We find this line of argument unavailing. The evidence at trial that Zimmerman
participated in each of the incidents was overwhelming. The co-conspirators testified
unequivocally and in detail to Zimmerman’s role in each of the incidents, which
testimony was corroborated by the victims. In light of the evidence against Zimmerman,
DeRosa’s failure to mention him during the interview with Slavoski does not seriously
undermine the fairness of the trial, nor does Slavoski’s failure to mention the furniture he
later testified to having seen at Zimmerman’s house.
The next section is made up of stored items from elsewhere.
text \<open>Between two wraps \<open>(A z + c) mod m\<close> grows, so every point is dominated by the last wrap
  point before it.\<close>

lemma hmod_wrap_point_le:
  assumes "0 < A" "A \<le> m" "0 \<le> c" "c < m" "0 \<le> z" "1 \<le> (A * z + c) div m"
  shows "hmod m A c (wrap_point m A c ((A * z + c) div m)) \<le> hmod m A c z"
proof -
  define k where "k = (A * z + c) div m"
  have pos: "0 < k * m - c" using wrap_threshold_pos assms unfolding k_def by blast
  have "0 < m" using assms by linarith
  have "wrap_point m A c k \<le> z"
    using wrap_point_le[OF assms(1) pos] pos_div_mult_le[OF \<open>0 < m\<close>, of "A * z + c"]
    unfolding k_def by blast
  then have "A * wrap_point m A c k \<le> A * z" using assms(1) by simp
  moreover have "hmod m A c z = A * z + c - k * m"
    unfolding hmod_def k_def by (simp add: minus_div_mult_eq_mod[symmetric])
  ultimately show ?thesis
    using hmod_wrap_point(1)[OF assms(1,2) pos] unfolding k_def by simp
qed

definition lift_minimizer :: "int \<Rightarrow> int \<Rightarrow> int \<Rightarrow> int \<Rightarrow> int" where
  "lift_minimizer m A c j =
     (let y = wrap_point m A c (j + 1) in if hmod m A c y < c then y else 0)"

lemma is_minimizer_lift:
  assumes "0 < A" "A \<le> m" "0 \<le> c" "c < m" "0 \<le> N"
    and j: "is_minimizer A ((- m) mod A) ((c - m) mod A) ((A * N + c) div m - 1) j"
  shows "is_minimizer m A c N (lift_minimizer m A c j)"
proof -
  define K where "K = (A * N + c) div m"
  define g where "g = hmod A ((- m) mod A) ((c - m) mod A)"
  have j_range: "0 \<le> j" "j \<le> K - 1" and j_min: "\<And>i. 0 \<le> i \<Longrightarrow> i \<le> K - 1 \<Longrightarrow> g j \<le> g i"
    using j unfolding is_minimizer_def g_def K_def by auto
  have wrap_pos: "0 < k * m - c" if "1 \<le> k" for k
    using wrap_threshold_pos[OF \<open>0 \<le> c\<close> \<open>c < m\<close> that] .
  have hmod_wrap: "hmod m A c (wrap_point m A c k) = g (k - 1)" if "1 \<le> k" for k
    using hmod_wrap_point(2)[OF assms(1,2) wrap_pos[OF that]] unfolding g_def hmod_descend
    by simp
  define y where "y = wrap_point m A c (j + 1)"
  have y_range: "0 \<le> y" "y \<le> N"
    using wrap_point_range[OF assms(1,3,4), of "j + 1" N] j_range unfolding y_def K_def by auto
  have lower_bound: "min c (g j) \<le> hmod m A c z" if "0 \<le> z" "z \<le> N" for z
  proof (cases "(A * z + c) div m = 0")
    case True
    have "0 \<le> A * z" using that assms by simp
    then show ?thesis using True by (simp add: hmod_def minus_div_mult_eq_mod[symmetric])
  next
    case False
    define k where "k = (A * z + c) div m"
    have "0 \<le> k" unfolding k_def using that assms by (simp add: pos_imp_zdiv_nonneg_iff)
    with False have "1 \<le> k" unfolding k_def by simp
    moreover have "k \<le> K" unfolding k_def K_def using that assms by (simp add: zdiv_mono1 mult_left_mono)
    ultimately have "g j \<le> g (k - 1)" using j_min by simp
    also have "g (k - 1) \<le> hmod m A c z"
      using hmod_wrap[OF \<open>1 \<le> k\<close>] hmod_wrap_point_le[OF assms(1-4) that(1) \<open>1 \<le> k\<close>[unfolded k_def]]
      unfolding k_def by simp
    finally show ?thesis by simp
  qed
  have "hmod m A c y = g j" using hmod_wrap[of "j + 1"] j_range unfolding y_def by simp
  moreover have "hmod m A c 0 = c" unfolding hmod_def using assms by simp
  ultimately show ?thesis
    using y_range lower_bound \<open>0 \<le> N\<close>
    unfolding is_minimizer_def lift_minimizer_def y_def[symmetric] Let_def
    by (auto simp: min_def)
qed

lemma slope_nonzero_if_wraps:
  fixes m A c N :: int
  assumes "0 \<le> c" "c < m" "1 \<le> (A * N + c) div m"
  shows "A \<noteq> 0"
proof
  assume "A = 0"
  with assms show False by (simp add: div_pos_pos_trivial)
qed

lemma wrap_count_halves:
  fixes m A c N :: int
  assumes "0 < m" "2 * A \<le> m" "0 \<le> A" "c < m" "0 \<le> N"
  shows "2 * ((A * N + c) div m) \<le> N + 1"
proof -
  define K where "K = (A * N + c) div m"
  have "K * m \<le> A * N + c" unfolding K_def using pos_div_mult_le[OF assms(1)] .
  moreover have "2 * A * N \<le> m * N" using assms by (simp add: mult_right_mono)
  ultimately have "m * (2 * K) < m * (N + 2)" using assms by (simp add: algebra_simps)
  then show ?thesis unfolding K_def using assms(1) by (simp add: mult_less_cancel_left)
qed

text \<open>Substituting \<open>z \<mapsto> N - z\<close> replaces the slope \<open>A\<close> by \<open>m - A\<close>; after this normalisation
  \<open>2 A \<le> m\<close>, which is what makes the number of wraps at most halve \<open>N\<close>.\<close>

definition fold_slope :: "int \<Rightarrow> int \<Rightarrow> int \<Rightarrow> int \<Rightarrow> int \<times> int \<times> int" where
  "fold_slope m A c N = (if m < 2 * A then (m - A, (A * N + c) mod m, 1) else (A, c, 0))"

definition unfold_index :: "int \<Rightarrow> int \<Rightarrow> int \<Rightarrow> int" where
  "unfold_index r N y = (if 0 < r then N - y else y)"

lemma fold_slope_cases:
  assumes "fold_slope m A c N = (A', c', r)"
  obtains (reflected) "m < 2 * A" "A' = m - A" "c' = (A * N + c) mod m" "r = 1"
    | (plain) "\<not> m < 2 * A" "A' = A" "c' = c" "r = 0"
  using assms unfolding fold_slope_def by (cases "m < 2 * A") auto

lemma fold_slope_bounds:
  assumes "fold_slope m A c N = (A', c', r)" "0 \<le> A" "A < m" "0 \<le> c" "c < m"
  shows "0 \<le> A'" "2 * A' \<le> m" "0 \<le> c'" "c' < m" "0 \<le> r" "r \<le> 1"
  using assms unfolding fold_slope_def by (auto split: if_splits)

lemma is_minimizer_fold_slope:
  assumes "fold_slope m A c N = (A', c', r)" "is_minimizer m A' c' N y"
  shows "is_minimizer m A c N (unfold_index r N y)"
  using assms is_minimizer_reflect unfolding fold_slope_def unfold_index_def
  by (auto split: if_splits)

lemma hmod_shift: "hmod p a b (i1 + z) = hmod p a ((a * i1 + b) mod p) z"
proof -
  have "(a * (i1 + z) + b) mod p = (a * z + (a * i1 + b)) mod p" by (simp add: algebra_simps)
  also have "\<dots> = (a * z + (a * i1 + b) mod p) mod p" by (simp add: mod_add_right_eq)
  finally show ?thesis unfolding hmod_def .
qed

lemma hmod_mod_arg: "hmod p a c (z mod p) = hmod p a c z"
  unfolding hmod_def by (metis mod_add_left_eq mod_mult_right_eq)

lemma hmod_inj_window:
  assumes "prime p" "0 < a" "a < p" "hmod p a b x = hmod p a b y" "x \<le> y" "y - x < p"
  shows "x = y"
proof (rule ccontr)
  assume "x \<noteq> y"
  from assms(4) have "p dvd a * (y - x)"
    unfolding hmod_def by (metis mod_eq_dvd_iff right_diff_distrib add_diff_cancel_right)
  then have "p dvd a \<or> p dvd (y - x)" using assms(1) by (simp add: prime_dvd_mult_iff)
  moreover have "\<not> p dvd a" using assms(2,3) zdvd_imp_le by fastforce
  moreover have "\<not> p dvd (y - x)" using assms(5,6) \<open>x \<noteq> y\<close> zdvd_imp_le by fastforce
  ultimately show False by simp
qed

lemma argmin_on_hmod:
  fixes p a b i1 i2 y :: int
  assumes "prime p" "0 < a" "a < p" "i1 \<le> i2"
    and y: "is_minimizer p a ((a * i1 + b) mod p) (min (i2 - i1) (p - 1)) y"
  shows "argmin_on (hmod p a b) {i1..i2} = i1 + y"
  unfolding argmin_on_def
proof (rule Least_equality)
  define c where "c = (a * i1 + b) mod p"
  have y_range: "0 \<le> y" "y \<le> i2 - i1" "y \<le> p - 1" using y unfolding is_minimizer_def by auto
  then have "i1 + y \<in> {i1..i2}" by auto
  have minimal: "hmod p a b (i1 + y) \<le> hmod p a b u" if "u \<in> {i1..i2}" for u
  proof -
    define z where "z = u - i1"
    have "0 \<le> z mod p" "z mod p \<le> z" "z mod p \<le> p - 1" "z \<le> i2 - i1"
      using that assms(2,3) unfolding z_def by (auto intro: zmod_le_nonneg_dividend)
    then have "hmod p a c y \<le> hmod p a c (z mod p)"
      using y unfolding is_minimizer_def c_def by auto
    then show ?thesis
      using hmod_shift[of p a b i1 y] hmod_shift[of p a b i1 z]
      unfolding c_def[symmetric] hmod_mod_arg z_def by simp
  qed
  with \<open>i1 + y \<in> {i1..i2}\<close>
  show "i1 + y \<in> {i1..i2} \<and> (\<forall>x\<in>{i1..i2}. hmod p a b (i1 + y) \<le> hmod p a b x)"
    by blast
  fix u assume u: "u \<in> {i1..i2} \<and> (\<forall>x\<in>{i1..i2}. hmod p a b u \<le> hmod p a b x)"
  show "i1 + y \<le> u"
  proof (rule ccontr)
    assume "\<not> i1 + y \<le> u"
    moreover have "hmod p a b u = hmod p a b (i1 + y)"
      using u minimal \<open>i1 + y \<in> {i1..i2}\<close> by (meson order_antisym)
    ultimately show False
      using hmod_inj_window[OF assms(1-3), of b u "i1 + y"] u y_range by auto
  qed
qed

lemma argmin_on_hmod_zero_slope:
  assumes "i1 \<le> i2"
  shows "argmin_on (hmod p 0 b) {i1..i2} = i1"
  unfolding argmin_on_def by (rule Least_equality) (use assms in \<open>auto simp: hmod_def\<close>)

section \<open>Bounded runs of the word RAM\<close>

definition bounded_by :: "int \<Rightarrow> (int \<Rightarrow> int) \<Rightarrow> bool" where
  "bounded_by B mem \<longleftrightarrow> (\<forall>x. \<bar>mem x\<bar> \<le> B)"

text \<open>An opaque wrapper: the simplifier would otherwise rewrite \<open>\<bar>v\<bar> \<le> B\<close> differently in the goal
  and in the supplied bound facts.\<close>

definition fits :: "int \<Rightarrow> int \<Rightarrow> bool" where
  "fits B v \<longleftrightarrow> \<bar>v\<bar> \<le> B"

lemma bounded_by_upd:
  "bounded_by B mem \<Longrightarrow> bounded_by B (mem(x := v)) \<longleftrightarrow> fits B v"
  unfolding bounded_by_def fits_def by auto

definition reach :: "instr list \<Rightarrow> int \<Rightarrow> nat \<Rightarrow> config \<Rightarrow> (config \<Rightarrow> bool) \<Rightarrow> bool" where
  "reach P B k c Q \<longleftrightarrow> (\<exists>n\<le>k. (\<forall>t\<le>n. bounded_by B (snd (run P t c))) \<and> Q (run P n c))"

lemma run_Suc: "run P (Suc n) c = run P n (step P c)"
  unfolding run_def funpow_Suc_right by simp

lemma run_add: "run P (n1 + n2) c = run P n2 (run P n1 c)"
  unfolding run_def by (metis add.commute comp_apply funpow_add)

lemma run_0 [simp]: "run P 0 c = c"
  by (simp add: run_def)

lemma reach_step:
  assumes "bounded_by B (snd c)" "reach P B k (step P c) Q"
  shows "reach P B (Suc k) c Q"
proof -
  obtain n where n: "n \<le> k" "\<forall>t\<le>n. bounded_by B (snd (run P t (step P c)))"
    "Q (run P n (step P c))"
    using assms(2) unfolding reach_def by blast
  have "bounded_by B (snd (run P t c))" if "t \<le> Suc n" for t
    using that n(2) assms(1) by (cases t) (simp_all add: run_Suc)
  then show ?thesis
    unfolding reach_def using n by (intro exI[of _ "Suc n"]) (simp add: run_Suc)
qed

lemma reach_trans:
  assumes "reach P B k1 c Q1" "\<And>c'. Q1 c' \<Longrightarrow> reach P B k2 c' Q2"
  shows "reach P B (k1 + k2) c Q2"
proof -
  obtain n1 where n1: "n1 \<le> k1" "\<forall>t\<le>n1. bounded_by B (snd (run P t c))" "Q1 (run P n1 c)"
    using assms(1) unfolding reach_def by blast
  obtain n2 where n2: "n2 \<le> k2" "\<forall>t\<le>n2. bounded_by B (snd (run P t (run P n1 c)))"
    "Q2 (run P n2 (run P n1 c))"
    using assms(2)[OF n1(3)] unfolding reach_def by blast
  have "bounded_by B (snd (run P t c))" if "t \<le> n1 + n2" for t
  proof (cases "t \<le> n1")
    case False
    then have "run P t c = run P (t - n1) (run P n1 c)" "t - n1 \<le> n2"
      using that run_add[of P n1 "t - n1" c] by simp_all
    then show ?thesis using n2(2) by simp
  qed (use n1 in simp)
  then show ?thesis
    unfolding reach_def using n1 n2 by (intro exI[of _ "n1 + n2"]) (simp add: run_add)
qed
lemma snell_family_le_supermart:
  assumes H: "supermart_family M F Tm H" and \<theta>: "\<theta> \<in> STs M F Tm"
    and X: "\<And>\<tau>. \<tau> \<in> STs M F Tm \<Longrightarrow> X \<tau> \<in> borel_measurable M"
    and le: "\<And>\<tau>. \<tau> \<in> STs M F Tm \<Longrightarrow> AE \<omega> in M. X \<tau> \<omega> \<le> H \<tau> \<omega>"
  shows "AE \<omega> in M. snell_family M F Tm X \<theta> \<omega> \<le> H \<theta> \<omega>"
proof -
  have adm: "admissible M F Tm H" using H unfolding supermart_family_def by blast
  show ?thesis
  proof (rule snell_family_least[OF \<theta> admissible_measurable[OF adm \<theta>]])
    fix \<tau> assume "\<tau> \<in> STs_from M F Tm \<theta>"
    then have \<tau>: "\<tau> \<in> STs M F Tm" and \<theta>_le: "AE \<omega> in M. \<theta> \<omega> \<le> \<tau> \<omega>" using STs_fromD by auto
    have "AE \<omega> in M. ereal_cond_exp M (Fsig M F \<theta>) (X \<tau>) \<omega> \<le> ereal_cond_exp M (Fsig M F \<theta>) (H \<tau>) \<omega>"
      by (rule sigma_finite_subalgebra.ereal_cond_exp_mono[OF sigma_finite_subalgebra_Fsig[OF \<theta>]
            X[OF \<tau>] admissible_measurable_M[OF adm \<tau>] le[OF \<tau>]])
    with supermart_familyD[OF H \<tau> \<theta> \<theta>_le]
    show "AE \<omega> in M. ereal_cond_exp M (Fsig M F \<theta>) (X \<tau>) \<omega> \<le> H \<theta> \<omega>"
      by eventually_elim (rule order_trans)
  qed
qed

lemma nonneg_supermart_incseq_limit:
  fixes Y :: "nat \<Rightarrow> 'a family"
  assumes Y: "\<And>n. nonneg_supermart (Y n)"
    and inc: "\<And>n \<theta>. \<theta> \<in> STs M F Tm \<Longrightarrow> AE \<omega> in M. Y n \<theta> \<omega> \<le> Y (Suc n) \<theta> \<omega>"
  shows "nonneg_supermart (\<lambda>\<theta> \<omega>. limsup (\<lambda>n. Y n \<theta> \<omega>))"
    and "\<And>\<theta>. \<theta> \<in> STs M F Tm \<Longrightarrow> AE \<omega> in M. limsup (\<lambda>n. Y n \<theta> \<omega>) = (SUP n. Y n \<theta> \<omega>)"
proof -
  define L where "L = (\<lambda>\<theta> \<omega>. limsup (\<lambda>n. Y n \<theta> \<omega>))"
  have adm: "admissible M F Tm (Y n)" and nonneg: "\<And>\<theta>. \<theta> \<in> STs M F Tm \<Longrightarrow> AE \<omega> in M. 0 \<le> Y n \<theta> \<omega>"
    and ineq: "supermart_ineq (Y n)" for n
    using Y unfolding nonneg_supermart_def by blast+
  have incseq: "AE \<omega> in M. incseq (\<lambda>n. Y n \<theta> \<omega>)" if "\<theta> \<in> STs M F Tm" for \<theta>
  proof -
    have "AE \<omega> in M. \<forall>n. Y n \<theta> \<omega> \<le> Y (Suc n) \<theta> \<omega>" unfolding AE_all_countable using inc[OF that] by blast
    then show ?thesis by eventually_elim (simp add: incseq_Suc_iff)
  qed
  show L_SUP: "AE \<omega> in M. limsup (\<lambda>n. Y n \<theta> \<omega>) = (SUP n. Y n \<theta> \<omega>)" if "\<theta> \<in> STs M F Tm" for \<theta>
    using incseq[OF that] by eventually_elim (intro lim_imp_Limsup LIMSEQ_SUP, simp_all)
  have adm_L: "admissible M F Tm L" unfolding L_def by (rule admissible_limsup[OF adm])
  moreover have "AE \<omega> in M. 0 \<le> L \<theta> \<omega>" if "\<theta> \<in> STs M F Tm" for \<theta>
    using L_SUP[OF that] nonneg[OF that, of 0] unfolding L_def
    by eventually_elim (auto intro: SUP_upper2)
  moreover have "supermart_ineq L"
    unfolding supermart_ineq_def
  proof (intro ballI impI)
    fix \<theta> \<theta>' assume \<theta>: "\<theta> \<in> STs M F Tm" and \<theta>': "\<theta>' \<in> STs M F Tm" and le: "AE \<omega> in M. \<theta>' \<omega> \<le> \<theta> \<omega>"
    interpret S': sigma_finite_subalgebra M "Fsig M F \<theta>'" by (rule sigma_finite_subalgebra_Fsig[OF \<theta>'])
    have [measurable]: "Y n \<theta> \<in> borel_measurable M" for n using admissible_measurable_M[OF adm \<theta>] .
    have [measurable]: "L \<theta> \<in> borel_measurable M" using admissible_measurable_M[OF adm_L \<theta>] .
    have "AE \<omega> in M. ereal_cond_exp M (Fsig M F \<theta>') (L \<theta>) \<omega>
        = ereal_cond_exp M (Fsig M F \<theta>') (\<lambda>\<omega>. SUP n. Y n \<theta> \<omega>) \<omega>"
      using L_SUP[OF \<theta>] unfolding L_def by (intro S'.ereal_cond_exp_cong) auto
    moreover have "AE \<omega> in M. ereal_cond_exp M (Fsig M F \<theta>') (\<lambda>\<omega>. SUP n. Y n \<theta> \<omega>) \<omega>
        = (SUP n. ereal_cond_exp M (Fsig M F \<theta>') (Y n \<theta>) \<omega>)"
      using nonneg[OF \<theta>]
      by (intro S'.ereal_cond_exp_monotone_convergence[where G="\<lambda>_. 0", OF _ _ _ _ incseq[OF \<theta>]]) auto
    moreover have "AE \<omega> in M. \<forall>n. ereal_cond_exp M (Fsig M F \<theta>') (Y n \<theta>) \<omega> \<le> Y n \<theta>' \<omega>"
      unfolding AE_all_countable using ineq \<theta> \<theta>' le unfolding supermart_ineq_def by blast
    moreover note L_SUP[OF \<theta>']
    ultimately show "AE \<omega> in M. ereal_cond_exp M (Fsig M F \<theta>') (L \<theta>) \<omega> \<le> L \<theta>' \<omega>"
      unfolding L_def by eventually_elim (auto intro: SUP_mono)
  qed
  ultimately show "nonneg_supermart (\<lambda>\<theta> \<omega>. limsup (\<lambda>n. Y n \<theta> \<omega>))"
    unfolding nonneg_supermart_def L_def by blast
qed

text \<open>Finiteness propagates from time \<open>0\<close> through \<open>E[\<phi> \<theta>|\<F>\<^sub>0] \<le> \<phi> 0\<close>.\<close>

lemma nonneg_supermart_less_top:
  assumes \<phi>: "nonneg_supermart \<phi>" and fin: "AE \<omega> in M. \<phi> (\<lambda>_. 0) \<omega> < \<infinity>" and \<theta>: "\<theta> \<in> STs M F Tm"
  shows "AE \<omega> in M. \<phi> \<theta> \<omega> < \<infinity>"
proof -
  interpret S: sigma_finite_subalgebra M "Fsig M F (\<lambda>_. 0)" by (rule sigma_finite_subalgebra_Fsig[OF zero_in_STs])
  have nonneg: "AE \<omega> in M. 0 \<le> \<phi> \<theta> \<omega>" and [measurable]: "\<phi> \<theta> \<in> borel_measurable M"
    using \<phi> \<theta> admissible_measurable_M unfolding nonneg_supermart_def by blast+
  have "AE \<omega> in M. 0 \<le> \<theta> \<omega>" using STs_bounds[OF \<theta>] by (auto intro: AE_I2)
  then have "AE \<omega> in M. ereal_cond_exp M (Fsig M F (\<lambda>_. 0)) (\<phi> \<theta>) \<omega> \<le> \<phi> (\<lambda>_. 0) \<omega>"
    by (rule nonneg_supermartD[OF \<phi> \<theta> zero_in_STs])
  moreover have "AE \<omega> in M. ereal_cond_exp M (Fsig M F (\<lambda>_. 0)) (\<phi> \<theta>) \<omega>
      = enn2ereal (nn_cond_exp M (Fsig M F (\<lambda>_. 0)) (\<lambda>x. e2ennreal (\<phi> \<theta> x)) \<omega>)"
    by (rule S.ereal_cond_exp_nonneg[OF _ nonneg]) measurable
  ultimately have "AE \<omega> in M. nn_cond_exp M (Fsig M F (\<lambda>_. 0)) (\<lambda>x. e2ennreal (\<phi> \<theta> x)) \<omega> < top"
    using fin by eventually_elim (auto simp: less_top[symmetric])
  then have "AE \<omega> in M. e2ennreal (\<phi> \<theta> \<omega>) < top"
    by (rule S.nn_cond_exp_less_top_imp_less_top[OF finite_measure_axioms, rotated]) measurable
  then show ?thesis by eventually_elim (auto simp: less_top)
qed

end

locale snell_envelope = std_filtered_space +
  fixes X :: "'a family" and G :: "'a \<Rightarrow> ennreal"
  assumes admissible_X: "admissible M F Tm X"
    and G_measurable[measurable]: "G \<in> borel_measurable M"
    and G_integrable: "(\<integral>\<^sup>+\<omega>. G \<omega> \<partial>M) < top"
    and X_lower: "\<And>\<tau>. \<tau> \<in> STs M F Tm \<Longrightarrow> AE \<omega> in M. - enn2ereal (G \<omega>) \<le> X \<tau> \<omega>"
    and X_Tm_nonneg: "AE \<omega> in M. 0 \<le> X (\<lambda>_. Tm) \<omega>"
begin

abbreviation "V \<equiv> snell_family M F Tm X"
abbreviation "ce \<theta> \<equiv> ereal_cond_exp M (Fsig M F \<theta>)"

lemma X_measurable: "\<tau> \<in> STs M F Tm \<Longrightarrow> X \<tau> \<in> borel_measurable M"
  using admissible_measurable_M[OF admissible_X] .

lemma snell_ge_obstacle:
  assumes \<theta>: "\<theta> \<in> STs M F Tm" shows "AE \<omega> in M. X \<theta> \<omega> \<le> V \<theta> \<omega>"
proof -
  have "AE \<omega> in M. ce \<theta> (X \<theta>) \<omega> = X \<theta> \<omega>"
    by (rule sigma_finite_subalgebra.ereal_cond_exp_F_meas[OF sigma_finite_subalgebra_Fsig[OF \<theta>]
          admissible_measurable[OF admissible_X \<theta>]])
  with snell_family_upper[OF \<theta> self_in_STs_from[OF \<theta>], of X] show ?thesis by eventually_elim simp
qed

lemma snell_nonneg:
  assumes \<theta>: "\<theta> \<in> STs M F Tm" shows "AE \<omega> in M. 0 \<le> V \<theta> \<omega>"
proof -
  interpret S: sigma_finite_subalgebra M "Fsig M F \<theta>" by (rule sigma_finite_subalgebra_Fsig[OF \<theta>])
  have "AE \<omega> in M. ce \<theta> (\<lambda>_. 0) \<omega> \<le> ce \<theta> (X (\<lambda>_. Tm)) \<omega>"
    by (rule S.ereal_cond_exp_mono) (use X_Tm_nonneg X_measurable[OF Tm_in_STs] in auto)
  with S.ereal_cond_exp_zero snell_family_upper[OF \<theta> Tm_in_STs_from[OF \<theta>], of X] show ?thesis
    by eventually_elim simp
qed

text \<open>Pasting two stopping times along the \<open>\<F>\<^sub>\<theta>\<close>-set where the first one is better makes the
  family of conditional payoffs upward directed.\<close>

lemma snell_directed:
  assumes \<theta>: "\<theta> \<in> STs M F Tm" and \<tau>1: "\<tau>1 \<in> STs_from M F Tm \<theta>" and \<tau>2: "\<tau>2 \<in> STs_from M F Tm \<theta>"
  shows "\<exists>\<tau>\<in>STs_from M F Tm \<theta>. AE \<omega> in M. max (ce \<theta> (X \<tau>1) \<omega>) (ce \<theta> (X \<tau>2) \<omega>) \<le> ce \<theta> (X \<tau>) \<omega>"
proof -
  interpret S: sigma_finite_subalgebra M "Fsig M F \<theta>" by (rule sigma_finite_subalgebra_Fsig[OF \<theta>])
  have \<tau>1': "\<tau>1 \<in> STs M F Tm" and \<tau>2': "\<tau>2 \<in> STs M F Tm" using STs_fromD \<tau>1 \<tau>2 by auto
  define A where "A = {\<omega>\<in>space M. ce \<theta> (X \<tau>2) \<omega> \<le> ce \<theta> (X \<tau>1) \<omega>}"
  have "{\<omega>\<in>space (Fsig M F \<theta>). ce \<theta> (X \<tau>2) \<omega> \<le> ce \<theta> (X \<tau>1) \<omega>} \<in> sets (Fsig M F \<theta>)" by measurable
  then have A: "A \<in> sets (Fsig M F \<theta>)" unfolding A_def by simp
  have A_compl: "space M - A \<in> sets (Fsig M F \<theta>)" using sets.compl_sets[OF A] by simp
  define \<tau> where "\<tau> = (\<lambda>\<omega>. if \<omega> \<in> A then \<tau>1 \<omega> else \<tau>2 \<omega>)"
  have \<tau>_from: "\<tau> \<in> STs_from M F Tm \<theta>" unfolding \<tau>_def by (rule if_in_STs_from[OF \<theta> A \<tau>1 \<tau>2])
  then have \<tau>': "\<tau> \<in> STs M F Tm" using STs_fromD by blast
  have "AE \<omega> in M. \<omega> \<in> A \<longrightarrow> X \<tau> \<omega> = X \<tau>1 \<omega>"
    using admissible_eq_on_eq[OF admissible_X \<tau>' \<tau>1'] by eventually_elim (auto simp: \<tau>_def)
  then have "AE \<omega> in M. \<omega> \<in> A \<longrightarrow> ce \<theta> (X \<tau>) \<omega> = ce \<theta> (X \<tau>1) \<omega>"
    by (rule S.ereal_cond_exp_local[OF X_measurable[OF \<tau>'] X_measurable[OF \<tau>1'] A])
  moreover have "AE \<omega> in M. \<omega> \<in> space M - A \<longrightarrow> X \<tau> \<omega> = X \<tau>2 \<omega>"
    using admissible_eq_on_eq[OF admissible_X \<tau>' \<tau>2'] by eventually_elim (auto simp: \<tau>_def)
  then have "AE \<omega> in M. \<omega> \<in> space M - A \<longrightarrow> ce \<theta> (X \<tau>) \<omega> = ce \<theta> (X \<tau>2) \<omega>"
    by (rule S.ereal_cond_exp_local[OF X_measurable[OF \<tau>'] X_measurable[OF \<tau>2'] A_compl])
  ultimately have "AE \<omega> in M. max (ce \<theta> (X \<tau>1) \<omega>) (ce \<theta> (X \<tau>2) \<omega>) \<le> ce \<theta> (X \<tau>) \<omega>"
    using AE_space by eventually_elim (auto simp: A_def max_def)
  with \<tau>_from show ?thesis by blast
qed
And, although Slavoski’s report
does not indicate Pierontoni’s positive identification of Zimmerman, this absence does
not necessarily undermine Slavoski’s testimony that she had done so, but could just as
easily indicate a failure on Slavoski’s part to make notation in his report.
Zimmerman also suggests that the government’s failure to disclose that Agent
5
Slavoski interviewed two Staples employees, who were not called to testify, prejudiced
him because the employees described having seen two men buying the fraudulently
procured computers, whose descriptions did not match Zimmerman. This argument is
also without merit, as the fact that the two employees noticed two men who did not look
like Zimmerman does not undermine our confidence in the jury’s finding that
Zimmerman was also participating.
Finally, Zimmerman argues that there is a material discrepancy between Merrick’s
testimony at trial that Zimmerman arranged the sale of a computer from the Staples
incident to a third party and Agent Slavoski’s notes taken during DeRosa’s interview
indicating that Mike Hodle was the one who arranged the sale. This notation was
potentially powerful, he argues, because his defense to the Staples incident was that he
was simply present in the store but did not participate in the crime, and Merrick’s
testimony that he arranged the sale of the computer provided the only evidence of any
motive for his participation.
Although we are troubled by the government’s failure to turn over the notes that
revealed this discrepancy when there was no excuse for it not to do so, we find that the
error was harmless. Even were we to entirely credit DeRosa’s reported statement that it
was Hodle, not Zimmerman, who arranged the sale, this evidence does not put the case in
such a different light that it undermines our confidence in the verdict. Merrick, Carl
Hodl, Mike Hodle, and DeRosa all testified in detail about Zimmerman’s role in the
6
Staples incident. Zimmerman has not contended that he did not accompany these
individuals, but only that he was not a participant in the conspiracy. Given the
cumulative evidence of Zimmerman’s participation in the entire event, the discrepancy
regarding whether it was he or someone else who actually sold the computer to a third
party does not render the trial unfair.
For the foregoing reasons, we will affirm the order of the District Court denying
Zimmerman a new trial.
_________________________
7
TO THE CLERK OF COURT:
Please file the foregoing not precedential opinion.